The premise of this patch set is to not put pages on the Linux
guest free list that are shared. I agree with that premise. But
more precisely, the best we can do is not put pages on the free
list where the guest PTE indicates "shared". Even if the host is
not acting maliciously, errors can cause the guest and host to be
out-of-sync regarding a page's private/shared status. There's no
way to find out for sure if the host status is "private" before
returning such a page to the free list, though if
set_memory_encrypted() succeeds and the host is not
malicious, we should be reasonably safe.

For paranoid CoCo VM users, using panic_on_warn=1 seems
workable. However, with current code and this patch series,
it's possible have set_memory_decrypted() return an error and
have set_memory_encrypted() fix things up as best it can
without generating any warnings. It seems like we need a
WARN or some equivalent mechanism if either of these fails,
so that CoCo VMs can panic if they don't want to run with any
inconsistencies (again, assuming the host isn't malicious).
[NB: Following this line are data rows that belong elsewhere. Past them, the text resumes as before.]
lemma exists_hall_push:
  assumes fA: "finite A" and fB: "finite B" and EAB: "E \<subseteq> A \<times> B" and hall: "hall_condition A E s c"
    and no_tight: "\<forall>X\<subseteq>A. X \<noteq> {} \<longrightarrow> X \<noteq> A \<longrightarrow> sum c (E `` X) \<noteq> sum s X"
    and p: "p \<in> A" "0 < s p"
  obtains q t where "(p, q) \<in> E" "0 < t" "t \<le> s p" "t \<le> c q"
    and "hall_condition A E (s(p := s p - t)) (c(q := c q - t))"
    and "t = s p \<or> t = c q \<or>
      (\<exists>X\<subseteq>A. X \<noteq> {} \<and> X \<noteq> A \<and> sum (c(q := c q - t)) (E `` X) = sum (s(p := s p - t)) X)"
proof -
  have "s p \<le> sum c (E `` {p})" using hall p unfolding hall_condition_def by force
  then have "\<not> (\<forall>q\<in>E `` {p}. c q \<le> 0)" using p sum_nonpos[of "E `` {p}" c] by fastforce
  then obtain q where pq: "(p, q) \<in> E" and q: "0 < c q" by auto
  define slack where "slack X = sum c (E `` X) - sum s X" for X
  define T where "T = insert (s p) (insert (c q) (slack ` {X. X \<subseteq> A - {p} \<and> q \<in> E `` X}))"
  \<comment> \<open>the largest amount that can be pushed along (p, q) without violating Hall's condition\<close>
  define t where "t = Min T"
  have "finite T" unfolding T_def using fA by simp
  then have t_le: "t \<le> u" if "u \<in> T" for u using that unfolding t_def by simp
  have "t \<in> T" unfolding t_def using \<open>finite T\<close> by (intro Min_in) (auto simp: T_def)
  then have t_cases: "t = s p \<or> t = c q \<or> (\<exists>X. X \<subseteq> A - {p} \<and> q \<in> E `` X \<and> t = slack X)"
    unfolding T_def by auto
  have slack_pos: "0 < slack X" if X: "X \<subseteq> A - {p}" "q \<in> E `` X" for X
  proof -
    have "X \<subseteq> A" "X \<noteq> {}" "X \<noteq> A" using X p by auto
    then have "sum s X \<le> sum c (E `` X)" "sum c (E `` X) \<noteq> sum s X"
      using hall no_tight unfolding hall_condition_def by auto
    then show ?thesis unfolding slack_def by simp
  qed
  have tight: "\<exists>X\<subseteq>A. X \<noteq> {} \<and> X \<noteq> A \<and> sum (c(q := c q - t)) (E `` X) = sum (s(p := s p - t)) X"
    if X: "X \<subseteq> A - {p}" "q \<in> E `` X" "t = slack X" for X
  proof -
    have "finite (E `` X)" using EAB fB by (auto intro: finite_subset)
    then have "sum (c(q := c q - t)) (E `` X) = sum c (E `` X) - t" using X by (subst sum_fun_upd_diff) auto
    moreover have "sum (s(p := s p - t)) X = sum s X" using X by (intro sum.cong) auto
    ultimately have "sum (c(q := c q - t)) (E `` X) = sum (s(p := s p - t)) X"
      using X unfolding slack_def by simp
    moreover have "X \<subseteq> A" "X \<noteq> {}" "X \<noteq> A" using X p by auto
    ultimately show ?thesis by blast
  qed
  have "\<forall>X\<subseteq>A - {p}. q \<in> E `` X \<longrightarrow> t \<le> sum c (E `` X) - sum s X"
    using t_le unfolding T_def slack_def by blast
  then have hall': "hall_condition A E (s(p := s p - t)) (c(q := c q - t))"
    by (rule hall_condition_push[OF hall fA fB EAB pq])
  have "0 < t" using t_cases slack_pos p q by auto
  moreover have "t \<le> s p" "t \<le> c q" using t_le unfolding T_def by simp_all
  moreover have "t = s p \<or> t = c q \<or>
      (\<exists>X\<subseteq>A. X \<noteq> {} \<and> X \<noteq> A \<and> sum (c(q := c q - t)) (E `` X) = sum (s(p := s p - t)) X)"
    using t_cases tight by blast
  ultimately show ?thesis using that[OF pq _ _ _ hall'] by blast
qed

theorem saturating_flow_exists:
  assumes "finite A" "finite B" "E \<subseteq> A \<times> B"
    and "\<forall>p\<in>A. 0 \<le> s p" "\<forall>q\<in>B. 0 \<le> c q" "hall_condition A E s c"
  shows "\<exists>f. saturating_flow A B E s c f"
  using assms
proof (induction "card A + card {p\<in>A. 0 < s p} + card {q\<in>B. 0 < c q}"
    arbitrary: A B E s c rule: less_induct)
  case less
  note fA = \<open>finite A\<close> and fB = \<open>finite B\<close> and EAB = \<open>E \<subseteq> A \<times> B\<close>
    and s_nonneg = \<open>\<forall>p\<in>A. 0 \<le> s p\<close> and c_nonneg = \<open>\<forall>q\<in>B. 0 \<le> c q\<close>
    and hall = \<open>hall_condition A E s c\<close>
  have smaller_weights: "\<exists>f. saturating_flow A B E s' c' f"
    if "\<forall>p\<in>A. 0 \<le> s' p" "\<forall>q\<in>B. 0 \<le> c' q" "\<forall>p\<in>A. s' p \<le> s p" "\<forall>q\<in>B. c' q \<le> c q"
      and "hall_condition A E s' c'"
      and "(\<exists>X\<subseteq>A. X \<noteq> {} \<and> X \<noteq> A \<and> sum c' (E `` X) = sum s' X)
        \<or> card {p\<in>A. 0 < s' p} + card {q\<in>B. 0 < c' q} < card {p\<in>A. 0 < s p} + card {q\<in>B. 0 < c q}"
    for s' c'
    using that(6)
  proof (elim disjE exE conjE)
    fix X assume X: "X \<subseteq> A" "X \<noteq> {}" "X \<noteq> A" "sum c' (E `` X) = sum s' X"
    show ?thesis
    proof (rule saturating_flow_of_tight_set[OF fA fB EAB that(5) X])
      fix A' B' E' assume A': "A' \<subset> A" and B': "B' \<subseteq> B" and "E' \<subseteq> A' \<times> B'" "hall_condition A' E' s' c'"
      moreover have "card A' < card A" using A' fA by (rule psubset_card_mono[rotated])
      moreover have "card {p\<in>A'. 0 < s' p} \<le> card {p\<in>A. 0 < s p}"
        using A' that(3) fA by (intro card_positive_mono) auto
      moreover have "card {q\<in>B'. 0 < c' q} \<le> card {q\<in>B. 0 < c q}"
        using B' that(4) fB by (intro card_positive_mono) auto
      moreover have "finite A'" "finite B'" using A' B' fA fB by (auto intro: finite_subset)
      ultimately show "\<exists>f. saturating_flow A' B' E' s' c' f"
        using A' B' that(1,2) by (intro less.hyps) auto
    qed
  next
    assume "card {p\<in>A. 0 < s' p} + card {q\<in>B. 0 < c' q} < card {p\<in>A. 0 < s p} + card {q\<in>B. 0 < c q}"
    then show ?thesis using less.hyps fA fB EAB that(1,2,5) by simp
  qed
  consider "\<exists>X\<subseteq>A. X \<noteq> {} \<and> X \<noteq> A \<and> sum c (E `` X) = sum s X" | "\<forall>p\<in>A. s p = 0"
    | p where "\<forall>X\<subseteq>A. X \<noteq> {} \<longrightarrow> X \<noteq> A \<longrightarrow> sum c (E `` X) \<noteq> sum s X" "p \<in> A" "0 < s p"
    using s_nonneg by (metis less_eq_real_def)
  then show ?case
  proof cases
    case 1
    then show ?thesis using smaller_weights s_nonneg c_nonneg hall by blast
  next
    case 2
    then have "saturating_flow A B E s c (\<lambda>_. 0)" using c_nonneg unfolding saturating_flow_def by auto
    then show ?thesis by blast
  next
    case 3
    obtain q t where pq: "(p, q) \<in> E" and t: "0 < t" "t \<le> s p" "t \<le> c q"
      and hall': "hall_condition A E (s(p := s p - t)) (c(q := c q - t))"
      and progress: "t = s p \<or> t = c q \<or> (\<exists>X\<subseteq>A. X \<noteq> {} \<and> X \<noteq> A \<and>
        sum (c(q := c q - t)) (E `` X) = sum (s(p := s p - t)) X)"
      by (rule exists_hall_push[OF fA fB EAB hall 3])
    have q: "q \<in> B" using pq EAB by blast
    have fewer_s: "card {x\<in>A. 0 < (s(p := s p - t)) x} \<le> card {p\<in>A. 0 < s p}"
      and fewer_c: "card {x\<in>B. 0 < (c(q := c q - t)) x} \<le> card {q\<in>B. 0 < c q}"
      using fA fB t by (intro card_positive_mono; simp)+
    have "\<exists>f. saturating_flow A B E (s(p := s p - t)) (c(q := c q - t)) f"
    proof (rule smaller_weights[OF _ _ _ _ hall'])
      show "\<forall>p'\<in>A. 0 \<le> (s(p := s p - t)) p'" "\<forall>q'\<in>B. 0 \<le> (c(q := c q - t)) q'"
        using s_nonneg c_nonneg t by auto
      show "\<forall>p'\<in>A. (s(p := s p - t)) p' \<le> s p'" "\<forall>q'\<in>B. (c(q := c q - t)) q' \<le> c q'"
        using t by auto
      show "(\<exists>X\<subseteq>A. X \<noteq> {} \<and> X \<noteq> A \<and> sum (c(q := c q - t)) (E `` X) = sum (s(p := s p - t)) X) \<or>
        card {x\<in>A. 0 < (s(p := s p - t)) x} + card {x\<in>B. 0 < (c(q := c q - t)) x}
          < card {p\<in>A. 0 < s p} + card {q\<in>B. 0 < c q}"
        using progress
      proof (elim disjE)
        assume "t = s p"
        then have "card {x\<in>A. 0 < (s(p := s p - t)) x} < card {p\<in>A. 0 < s p}"
          using fA 3 t by (intro card_positive_less) auto
        then show ?thesis using fewer_c by linarith
      next
        assume "t = c q"
        then have "card {x\<in>B. 0 < (c(q := c q - t)) x} < card {q\<in>B. 0 < c q}"
          using fB q t by (intro card_positive_less) auto
        then show ?thesis using fewer_s by linarith
      qed blast
    qed
    then obtain f where "saturating_flow A B E (s(p := s p - t)) (c(q := c q - t)) f" by blast
    moreover have "finite E" using fA fB EAB by (auto intro: finite_subset)
    ultimately show ?thesis using saturating_flow_push[OF _ pq] t by (meson less_imp_le)
  qed
qed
Also, from a troubleshooting standpoint, panic_on_warn=1
will make it easier to diagnose a failure of
set_memory_encrypted()/decrypted() if it is caught
immediately, versus putting a page with an inconsistent state
on the free list and having things blow up later.

Michael

2023-10-23 16:57:50

by Dave Hansen

[permalink] [raw]
Subject: Re: [PATCH 00/10] Handle set_memory_XXcrypted() errors

On 10/23/23 09:47, Michael Kelley (LINUX) wrote:
> For paranoid CoCo VM users, using panic_on_warn=1 seems workable.
> However, with current code and this patch series, it's possible have
> set_memory_decrypted() return an error and have set_memory_encrypted()
> fix things up as best it can without generating any warnings. It seems
> like we need a WARN or some equivalent mechanism if either of these
> fails, so that CoCo VMs can panic if they don't want to run with any
> inconsistencies (again, assuming the host isn't malicious).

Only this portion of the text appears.